Final Answer:
a) The solubility of AgSeCN in solutions with a cation concentration of 0.030 M is approximately 1.33 x 10⁻⁷ M.
b) The solubility of RaSO4 in solutions with a cation concentration of 0.030 M is approximately 6.6 x 10⁻⁶ M.
Step-by-step explanation:
The solubility of salts depends on the equilibrium constant of the dissolution reaction, often represented as Ksp. For both AgSeCN and RaSO4, the dissolution reactions are as follows:
a) AgSeCN ⇄ Ag^+ + SeCN^-
b) RaSO_4 ⇆ s Ra^2+ + SO_4^2-
The equilibrium expression for these reactions is given by the product of the ion concentrations, which can be expressed as follows:
a) K_sp = [Ag^+][SeCN^-]
b) K_sp = [Ra^2+][SO_4^2-]
Given that we know the concentration of one of the ions (Ag^+ or Ra^2+) and want to find the solubility of the salt, we can set up an expression in terms of the unknown ion concentration. Solving for this concentration gives us the solubility.

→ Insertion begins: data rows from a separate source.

lemma hilbert_cr_quadrant:
  assumes "p \<in> quadrant"
  shows "hilbert_cr quadrant p c =
    max 1 (max (fst c / fst p) (snd c / snd p)) / min 1 (min (fst c / fst p) (snd c / snd p))"
proof -
  define R where "R = max 1 (max (fst c / fst p) (snd c / snd p))"
  define r where "r = min 1 (min (fst c / fst p) (snd c / snd p))"
  have R: "R - 1 \<ge> 0" and r: "1 - r \<ge> 0" by (auto simp: R_def r_def)
  let ?a = "- inverse (ereal (R - 1))" and ?d = "inverse (ereal (1 - r))"
  have "?a < ?d"
    using R r by (rule ereal_neg_inverse_less_inverse)
  note interval = Inf_ereal_interval[OF this] Sup_ereal_interval[OF this]
  have "{ereal t | t. line_pt p c t \<in> quadrant} = ereal ` {t. ?a < ereal t \<and> ereal t < ?d}"
    using quadrant_line_params[OF assms, where c = c, folded R_def r_def] by blast
  then have a: "bd_param_a quadrant p c = ?a" and d: "bd_param_d quadrant p c = ?d"
    unfolding bd_param_a_def bd_param_d_def by (simp_all only: interval)
  have fa: "(if ?a = -\<infinity> then 1 else (real_of_ereal ?a - 1) / real_of_ereal ?a) = R"
  proof (cases "R = 1")
    case False
    with R have "R - 1 > 0" by simp
    then have "(- inverse (R - 1) - 1) / (- inverse (R - 1)) = 1 + (R - 1)"
      by (simp add: field_simps)
    then show ?thesis by simp
  qed simp
  have fd: "(if ?d = \<infinity> then 1 else real_of_ereal ?d / (real_of_ereal ?d - 1)) = 1 / r"
  proof (cases "r = 1")
    case False
    with r have "1 - r > 0" by simp
    then have "inverse (1 - r) / (inverse (1 - r) - 1) = 1 / (1 - (1 - r))"
      by (cases "r = 0") (simp_all add: field_simps)
    then show ?thesis by simp
  qed simp
  have "hilbert_cr quadrant p c = R * (1 / r)"
    unfolding hilbert_cr_def Let_def a d fa fd ..
  then show ?thesis by (simp add: R_def r_def)
qed
lemma integrable_quarter_gauss: "integrable lborel (quarter_gauss :: real ^ 'n::finite \<Rightarrow> real)"
proof -
  have "(\<integral>\<^sup>+Y. ennreal (norm (quarter_gauss Y)) \<partial>(lborel :: (real ^ 'n) measure))
     = (\<integral>\<^sup>+Y. (\<Prod>b\<in>Basis. ennreal (exp (- (Y \<bullet> b)\<^sup>2 / 4))) \<partial>(lborel :: (real ^ 'n) measure))"
  proof (rule nn_integral_cong)
    fix Y :: "real ^ 'n"
    show "ennreal (norm (quarter_gauss Y)) = (\<Prod>b\<in>Basis. ennreal (exp (- (Y \<bullet> b)\<^sup>2 / 4)))"
      using prod_Basis_vec_nth[of "\<lambda>y. exp (- y\<^sup>2 / 4)" Y]
      by (simp add: quarter_gauss_def prod_ennreal abs_prod)
  qed
  also have "\<dots> = (\<Prod>b\<in>(Basis :: (real ^ 'n) set). \<integral>\<^sup>+s. ennreal (exp (- s\<^sup>2 / 4)) \<partial>lborel)"
    by (rule nn_integral_lborel_prod) auto
  also have "\<dots> < \<infinity>"
  proof -
    have "(\<integral>\<^sup>+s. ennreal (exp (- s\<^sup>2 / 4)) \<partial>lborel) < \<infinity>"
      using integrable_exp_neg_square_quarter unfolding integrable_iff_bounded by simp
    then show ?thesis by (simp add: less_top[symmetric] ennreal_prod_eq_top power_eq_top_ennreal)
  qed
  moreover have "quarter_gauss \<in> borel_measurable (lborel :: (real ^ 'n) measure)"
    unfolding quarter_gauss_def by measurable
  ultimately show ?thesis unfolding integrable_iff_bounded by simp
qed

lemma
  fixes f :: "'a::euclidean_space \<Rightarrow> 'b::{banach, second_countable_topology}"
  assumes "integrable lborel f"
  shows integrable_lborel_translate: "integrable lborel (\<lambda>x. f (c + x))"
    and lborel_integral_translate: "(\<integral>x. f (c + x) \<partial>lborel) = (\<integral>x. f x \<partial>lborel)"
proof -
  have f: "f \<in> borel_measurable borel" using assms borel_measurable_integrable by auto
  have c: "((+) c) \<in> measurable lborel borel" by simp
  show "integrable lborel (\<lambda>x. f (c + x))"
    using assms integrable_distr_eq[OF c f] lborel_distr_plus[of c] by simp
  show "(\<integral>x. f (c + x) \<partial>lborel) = (\<integral>x. f x \<partial>lborel)"
    using integral_distr[OF c f] lborel_distr_plus[of c] by simp
qed

section \<open>Finite differences against an antiperiodic weight\<close>

definition vdiff :: "'a::real_vector \<Rightarrow> ('a \<Rightarrow> 'b::real_vector) \<Rightarrow> 'a \<Rightarrow> 'b" where
  "vdiff h H Y = H (Y + h) - H Y"

text \<open>If the weight \<open>E\<close> changes sign under the shift by \<open>h\<close>, translation invariance of the
  Lebesgue integral gives \<open>\<integral> H E = - \<integral> H(Y + h) E(Y)\<close>, hence \<open>\<integral> H E = -1/2 \<integral> (vdiff h H) E\<close>.\<close>

lemma integral_antiperiodic_vdiff:
  fixes H E :: "'a::euclidean_space \<Rightarrow> complex"
  assumes int: "integrable lborel (\<lambda>Y. H Y * E Y)" and E: "\<And>Y. E (Y + h) = - E Y"
  shows "integrable lborel (\<lambda>Y. vdiff h H Y * E Y)"
    and "(\<integral>Y. H Y * E Y \<partial>lborel) = - (1/2) * (\<integral>Y. vdiff h H Y * E Y \<partial>lborel)"
proof -
  let ?F = "\<lambda>Y. H Y * E Y"
  have eq: "vdiff h H Y * E Y = - ?F (h + Y) - ?F Y" for Y
    by (simp add: vdiff_def E add.commute algebra_simps)
  have shifted: "integrable lborel (\<lambda>Y. ?F (h + Y))"
    by (rule integrable_lborel_translate[OF int])
  show "integrable lborel (\<lambda>Y. vdiff h H Y * E Y)"
    unfolding eq using shifted int by auto
  have "(\<integral>Y. vdiff h H Y * E Y \<partial>lborel) = - (\<integral>Y. ?F (h + Y) \<partial>lborel) - (\<integral>Y. ?F Y \<partial>lborel)"
    unfolding eq using shifted int by (simp add: Bochner_Integration.integral_diff)
  also have "\<dots> = - 2 * (\<integral>Y. ?F Y \<partial>lborel)"
    using lborel_integral_translate[OF int] by simp
  finally show "(\<integral>Y. H Y * E Y \<partial>lborel) = - (1/2) * (\<integral>Y. vdiff h H Y * E Y \<partial>lborel)"
    by simp
qed

lemma integral_antiperiodic_funpow_vdiff:
  fixes H E :: "'a::euclidean_space \<Rightarrow> complex"
  assumes "integrable lborel (\<lambda>Y. H Y * E Y)" and "\<And>Y. E (Y + h) = - E Y"
  shows "integrable lborel (\<lambda>Y. (vdiff h ^^ N) H Y * E Y) \<and>
    (\<integral>Y. H Y * E Y \<partial>lborel) = (- (1/2)) ^ N * (\<integral>Y. (vdiff h ^^ N) H Y * E Y \<partial>lborel)"
  using assms(1)
proof (induction N arbitrary: H)
  case 0
  then show ?case by simp
next
  case (Suc N)
  have "(vdiff h ^^ Suc N) H = (vdiff h ^^ N) (vdiff h H)"
    by (simp only: funpow_Suc_right o_apply)
  with Suc.IH[OF integral_antiperiodic_vdiff(1)[OF Suc.prems assms(2)]]
    integral_antiperiodic_vdiff(2)[OF Suc.prems assms(2)]
  show ?case by simp
qed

For AgSeCN, if we let x be the concentration of Ag^+ and SeCN^-, the equilibrium expression becomes K_sp = x * x, and solving for x yields the solubility.
For RaSO4, the expression becomes K_sp = (0.030 + x) * x), where 0.030 M is the initial concentration of Ra^{2+}.
After solving these expressions, we find that the solubility of AgSeCN is approximately 1.33 x 10⁻⁷ M, and the solubility of RaSO4 is approximately 6.6 x 10⁻⁶ M in solutions with a cation concentration of 0.030 M.